(* Let $W_{10}^l,W_{20}^l$ ($l\in[L]$) have i.i.d. $\mathcal N(0,1)$ entries, and (on the event $\|W_{10}^l\|\le c_{10}\sqrt n$, $\|W_{20}^l\|\le c_{20}\sqrt m$ for all $l$, with $c_{10}=1+2\sqrt m/\sqrt n$, $c_{20}=3$) let $\mathbf W_1\in B(\mathbf W_{10},R_1)$, $\mathbf W_2\in B(\mathbf W_{20},R_2)$. Then for every $l\in[L]$: for LISTA, $\|\mathbf x^l\|\le c^l_{\mathrm{ISTA};\mathbf x}$; for ADMM-CSNet, $\|\mathbf z^l\|\le c^l_{\mathrm{ADMM};\mathbf z}$ and $\|\mathbf u^l\|\le c^l_{\mathrm{ADMM};\mathbf u}$, where $c^0_{\mathrm{ISTA};\mathbf x}=\sqrt m C_x$, $c^0_{\mathrm{ADMM};\mathbf z}=\sqrt m C_z$, $c^0_{\mathrm{ADMM};\mathbf u}=\sqrt m C_u$ and $$c^l_{\mathrm{ISTA};\mathbf x}=L_\sigma\Big(c_{10}+\tfrac{R_1}{\sqrt n}\Big)\sqrt nC_y+L_\sigma\Big(c_{20}+\tfrac{R_2}{\sqrt m}\Big)c^{l-1}_{\mathrm{ISTA};\mathbf x}+\sigma(0)=O(\sqrt m),$$ $$c^l_{\mathrm{ADMM};\mathbf z}=L_\sigma\Big(c_{10}+\tfrac{R_1}{\sqrt n}\Big)\sqrt nC_y+L_\sigma\Big(c_{20}+\tfrac{R_2}{\sqrt m}\Big)c^{l-1}_{\mathrm{ADMM};\mathbf z}+L_\sigma\Big(1+c_{20}+\tfrac{R_2}{\sqrt m}\Big)c^{l-1}_{\mathrm{ADMM};\mathbf u}+\sigma(0)=O(\sqrt m),$$ $$c^l_{\mathrm{ADMM};\mathbf u}=\Big(c_{10}+\tfrac{R_1}{\sqrt n}\Big)\sqrt nC_y+\Big(c_{20}+\tfrac{R_2}{\sqrt m}\Big)c^{l-1}_{\mathrm{ADMM};\mathbf z}+\Big(c_{20}+\tfrac{R_2}{\sqrt m}+1\Big)c^{l-1}_{\mathrm{ADMM};\mathbf u}+c^l_{\mathrm{ADMM};\mathbf z}=O(\sqrt m).$$
   Context: Fix $L,n,m\ge1$, $\lambda>0$ and $\sigma(x)=\log(1+e^{x-\lambda})-\log(1+e^{-x-\lambda})$ (componentwise), $L_\sigma$-Lipschitz. Input $\mathbf y\in\mathbb R^n$ with $|y_i|\le C_y$. Parameters $W_1^l\in\mathbb R^{m\times n}$, $W_2^l\in\mathbb R^{m\times m}$; $\mathbf W_1=(W_1^l)_{l}$, $\mathbf W_2=(W_2^l)_l$, initial values $\mathbf W_{10},\mathbf W_{20}$; $B(\mathbf W_{10},R_1)=\{\mathbf W_1:\|\mathbf W_1-\mathbf W_{10}\|_F\le R_1\}$ (Frobenius over all entries), similarly for $\mathbf W_2$. LISTA: $\mathbf x^0$ with $|x^0_i|\le C_x$, $\mathbf x^l=\sigma\big(\frac1{\sqrt n}W_1^l\mathbf y+\frac1{\sqrt m}W_2^l\mathbf x^{l-1}\big)$. ADMM-CSNet: $\mathbf z^0,\mathbf u^0$ with $|z^0_i|\le C_z$, $|u^0_i|\le C_u$; $\mathbf x^l=\frac1{\sqrt n}W_1^l\mathbf y+\frac1{\sqrt m}W_2^l(\mathbf z^{l-1}-\mathbf u^{l-1})$, $\mathbf z^l=\sigma(\mathbf x^l+\mathbf u^{l-1})$, $\mathbf u^l=\mathbf u^{l-1}+\mathbf x^l-\mathbf z^l$. $\|\cdot\|$ is the Euclidean norm; $O(\cdot)$ is with respect to $m$. *)

theory Defs
  imports "HOL-Analysis.Analysis" "HOL-Library.Landau_Symbols"
begin

text \<open>Vectors of dimension d are functions nat => real, only indices < d matter.
 Matrices of size r x c are functions nat => nat => real, indices i < r, j < c.
 Layer-indexed weights are functions of the layer index l (layers 1..L).\<close>

definition sig :: "real \<Rightarrow> real \<Rightarrow> real" where
  "sig lam x = ln (1 + exp (x - lam)) - ln (1 + exp (- x - lam))"

definition vnorm :: "nat \<Rightarrow> (nat \<Rightarrow> real) \<Rightarrow> real" where
  "vnorm d v = sqrt (\<Sum>i<d. (v i)^2)"

definition matvec :: "(nat \<Rightarrow> nat \<Rightarrow> real) \<Rightarrow> nat \<Rightarrow> (nat \<Rightarrow> real) \<Rightarrow> (nat \<Rightarrow> real)" where
  "matvec A c v = (\<lambda>i. \<Sum>j<c. A i j * v j)"

definition opnorm :: "nat \<Rightarrow> nat \<Rightarrow> (nat \<Rightarrow> nat \<Rightarrow> real) \<Rightarrow> real" where
  "opnorm r c A = Sup {vnorm r (matvec A c v) | v. vnorm c v \<le> 1}"

definition frob_dist :: "nat \<Rightarrow> nat \<Rightarrow> nat \<Rightarrow> (nat \<Rightarrow> nat \<Rightarrow> nat \<Rightarrow> real) \<Rightarrow> (nat \<Rightarrow> nat \<Rightarrow> nat \<Rightarrow> real) \<Rightarrow> real" where
  "frob_dist L r c W V = sqrt (\<Sum>l\<in>{1..L}. \<Sum>i<r. \<Sum>j<c. (W l i j - V l i j)^2)"

primrec lista :: "real \<Rightarrow> nat \<Rightarrow> nat \<Rightarrow> (nat \<Rightarrow> nat \<Rightarrow> nat \<Rightarrow> real) \<Rightarrow> (nat \<Rightarrow> nat \<Rightarrow> nat \<Rightarrow> real)
   \<Rightarrow> (nat \<Rightarrow> real) \<Rightarrow> (nat \<Rightarrow> real) \<Rightarrow> nat \<Rightarrow> (nat \<Rightarrow> real)" where
  "lista lam n m W1 W2 y x0 0 = x0"
| "lista lam n m W1 W2 y x0 (Suc l) =
     (\<lambda>i. sig lam (1 / sqrt n * matvec (W1 (Suc l)) n y i
                  + 1 / sqrt m * matvec (W2 (Suc l)) m (lista lam n m W1 W2 y x0 l) i))"

primrec admm :: "real \<Rightarrow> nat \<Rightarrow> nat \<Rightarrow> (nat \<Rightarrow> nat \<Rightarrow> nat \<Rightarrow> real) \<Rightarrow> (nat \<Rightarrow> nat \<Rightarrow> nat \<Rightarrow> real)
   \<Rightarrow> (nat \<Rightarrow> real) \<Rightarrow> (nat \<Rightarrow> real) \<Rightarrow> (nat \<Rightarrow> real) \<Rightarrow> nat \<Rightarrow> (nat \<Rightarrow> real) \<times> (nat \<Rightarrow> real)" where
  "admm lam n m W1 W2 y z0 u0 0 = (z0, u0)"
| "admm lam n m W1 W2 y z0 u0 (Suc l) =
     (let (z, u) = admm lam n m W1 W2 y z0 u0 l;
          x = (\<lambda>i. 1 / sqrt n * matvec (W1 (Suc l)) n y i
                    + 1 / sqrt m * matvec (W2 (Suc l)) m (\<lambda>k. z k - u k) i);
          z' = (\<lambda>i. sig lam (x i + u i));
          u' = (\<lambda>i. u i + x i - z' i)
      in (z', u'))"

definition c10 :: "nat \<Rightarrow> nat \<Rightarrow> real" where
  "c10 n m = 1 + 2 * sqrt m / sqrt n"

definition c20 :: real where "c20 = 3"

primrec cISTA :: "real \<Rightarrow> real \<Rightarrow> nat \<Rightarrow> nat \<Rightarrow> real \<Rightarrow> real \<Rightarrow> real \<Rightarrow> real \<Rightarrow> nat \<Rightarrow> real" where
  "cISTA lam Ls n m R1 R2 Cy Cx 0 = sqrt m * Cx"
| "cISTA lam Ls n m R1 R2 Cy Cx (Suc l) =
     Ls * (c10 n m + R1 / sqrt n) * sqrt n * Cy
     + Ls * (c20 + R2 / sqrt m) * cISTA lam Ls n m R1 R2 Cy Cx l + sig lam 0"

primrec cADMM :: "real \<Rightarrow> real \<Rightarrow> nat \<Rightarrow> nat \<Rightarrow> real \<Rightarrow> real \<Rightarrow> real \<Rightarrow> real \<Rightarrow> real \<Rightarrow> nat \<Rightarrow> real \<times> real" where
  "cADMM lam Ls n m R1 R2 Cy Cz Cu 0 = (sqrt m * Cz, sqrt m * Cu)"
| "cADMM lam Ls n m R1 R2 Cy Cz Cu (Suc l) =
     (let (cz, cu) = cADMM lam Ls n m R1 R2 Cy Cz Cu l;
          cz' = Ls * (c10 n m + R1 / sqrt n) * sqrt n * Cy
                + Ls * (c20 + R2 / sqrt m) * cz
                + Ls * (1 + c20 + R2 / sqrt m) * cu + sig lam 0;
          cu' = (c10 n m + R1 / sqrt n) * sqrt n * Cy
                + (c20 + R2 / sqrt m) * cz
                + (c20 + R2 / sqrt m + 1) * cu + cz'
      in (cz', cu'))"

end

theory Submission
  imports Defs "HOL-Real_Asymp.Real_Asymp"
begin

text \<open>With the operator norm of the
  initial weights and the Frobenius distance to them, the pre-activation has norm at most
  \<open>A + B \<parallel>v\<parallel>\<close> for the previous iterate \<open>v\<close>, where \<open>A = (c\<^sub>1\<^sub>0 + R\<^sub>1/\<surd>n) \<surd>n C\<^sub>y\<close> and
  \<open>B = c\<^sub>2\<^sub>0 + R\<^sub>2/\<surd>m\<close>; since \<open>\<sigma>(0) = 0\<close> the activation scales norms by at most \<open>L\<^sub>\<sigma>\<close>. As functions of \<open>m\<close>, \<open>A = O(\<surd>m)\<close>, \<open>B = O(1)\<close> and
  the initial bounds are \<open>O(\<surd>m)\<close>, so the recursions stay \<open>O(\<surd>m)\<close>.\<close>

lemma vnorm_eq_L2_set: "vnorm d v = L2_set v {..<d}"
  by (simp add: vnorm_def L2_set_def)

lemma vnorm_nonneg: "0 \<le> vnorm d v"
  by (simp add: vnorm_eq_L2_set)

lemma vnorm_add_le: "vnorm d (\<lambda>i. f i + g i) \<le> vnorm d f + vnorm d g"
  unfolding vnorm_eq_L2_set by (rule L2_set_triangle_ineq)

lemma vnorm_minus: "vnorm d (\<lambda>i. - f i) = vnorm d f"
  by (simp add: vnorm_def)

lemma vnorm_diff_le: "vnorm d (\<lambda>i. f i - g i) \<le> vnorm d f + vnorm d g"
  using vnorm_add_le[of d f "\<lambda>i. - g i"] by (simp add: vnorm_minus)

lemma vnorm_scale: "vnorm d (\<lambda>i. a * f i) = \<bar>a\<bar> * vnorm d f"
  by (simp add: vnorm_def power_mult_distrib real_sqrt_mult flip: sum_distrib_left)

lemma vnorm_le_sqrt_dim:
  assumes "\<And>i. i < d \<Longrightarrow> \<bar>v i\<bar> \<le> C"
  shows "vnorm d v \<le> sqrt d * C"
proof (cases "d = 0")
  case False
  have "(v i)\<^sup>2 \<le> C\<^sup>2" if "i < d" for i
    using assms[OF that] by (metis abs_ge_zero power2_abs power_mono)
  then have "(\<Sum>i<d. (v i)\<^sup>2) \<le> (\<Sum>i<d. C\<^sup>2)"
    by (intro sum_mono) simp
  then have "vnorm d v \<le> sqrt (d * C\<^sup>2)"
    by (simp add: vnorm_def)
  also have "\<dots> = sqrt d * \<bar>C\<bar>"
    by (simp add: real_sqrt_mult)
  finally have "vnorm d v \<le> sqrt d * \<bar>C\<bar>" .
  moreover have "0 \<le> C"
    using assms[of 0] False by simp
  ultimately show ?thesis by simp
qed (simp add: vnorm_def)

definition frob_norm :: "nat \<Rightarrow> nat \<Rightarrow> (nat \<Rightarrow> nat \<Rightarrow> real) \<Rightarrow> real" where
  "frob_norm r c A = sqrt (\<Sum>i<r. \<Sum>j<c. (A i j)\<^sup>2)"

lemma frob_norm_nonneg: "0 \<le> frob_norm r c A"
  by (simp add: frob_norm_def sum_nonneg)

lemma matvec_le_frob_norm: "vnorm r (matvec A c v) \<le> frob_norm r c A * vnorm c v"
proof -
  have row: "(matvec A c v i)\<^sup>2 \<le> (\<Sum>j<c. (A i j)\<^sup>2) * (\<Sum>j<c. (v j)\<^sup>2)" for i
  proof -
    have "\<bar>matvec A c v i\<bar> \<le> L2_set (A i) {..<c} * L2_set v {..<c}"
      unfolding matvec_def
      by (rule order_trans[OF sum_abs]) (simp add: abs_mult L2_set_mult_ineq)
    then have "(matvec A c v i)\<^sup>2 \<le> (L2_set (A i) {..<c} * L2_set v {..<c})\<^sup>2"
      by (metis abs_ge_zero power2_abs power_mono)
    then show ?thesis
      by (simp add: L2_set_def power_mult_distrib sum_nonneg)
  qed
  have "(\<Sum>i<r. (matvec A c v i)\<^sup>2) \<le> (\<Sum>i<r. (\<Sum>j<c. (A i j)\<^sup>2) * (\<Sum>j<c. (v j)\<^sup>2))"
    by (intro sum_mono row)
  also have "\<dots> = (\<Sum>i<r. \<Sum>j<c. (A i j)\<^sup>2) * (\<Sum>j<c. (v j)\<^sup>2)"
    by (simp add: sum_distrib_right)
  finally show ?thesis
    by (simp add: vnorm_def frob_norm_def flip: real_sqrt_mult)
qed

lemma matvec_scale: "matvec A c (\<lambda>j. t * v j) = (\<lambda>i. t * matvec A c v i)"
  by (simp add: matvec_def sum_distrib_left mult.left_commute)

lemma matvec_le_opnorm: "vnorm r (matvec A c v) \<le> opnorm r c A * vnorm c v"
proof -
  have unit_ball: "vnorm r (matvec A c w) \<le> opnorm r c A" if "vnorm c w \<le> 1" for w
    unfolding opnorm_def
  proof (rule cSup_upper)
    show "bdd_above {vnorm r (matvec A c v) |v. vnorm c v \<le> 1}"
    proof (rule bdd_aboveI, clarify)
      fix v :: "nat \<Rightarrow> real" assume "vnorm c v \<le> 1"
      then have "frob_norm r c A * vnorm c v \<le> frob_norm r c A"
        using frob_norm_nonneg by (simp add: mult_left_le)
      then show "vnorm r (matvec A c v) \<le> frob_norm r c A"
        using matvec_le_frob_norm order_trans by blast
    qed
  qed (use that in blast)
  show ?thesis
  proof (cases "vnorm c v = 0")
    case True
    then have "\<forall>j<c. v j = 0"
      by (simp add: vnorm_eq_L2_set L2_set_eq_0_iff)
    then show ?thesis
      using True by (simp add: matvec_def vnorm_def)
  next
    case False
    define t where "t = vnorm c v"
    have "t > 0"
      using False vnorm_nonneg[of c v] by (simp add: t_def)
    have "(1 / t) * vnorm r (matvec A c v) = vnorm r (matvec A c (\<lambda>j. (1 / t) * v j))"
      unfolding matvec_scale vnorm_scale using \<open>t > 0\<close> by simp
    also have "\<dots> \<le> opnorm r c A"
      using \<open>t > 0\<close> by (intro unit_ball) (simp only: vnorm_scale, simp add: t_def)
    finally show ?thesis
      using \<open>t > 0\<close> by (simp add: t_def field_simps)
  qed
qed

• _ASSIGNED TASK_: Wherever the word "finally" appears in a line of the data, copy that line.

• _EXERCISE SOLUTION_:
  finally have "vnorm d v \<le> sqrt d * \<bar>C\<bar>" .
  finally show ?thesis
    finally show ?thesis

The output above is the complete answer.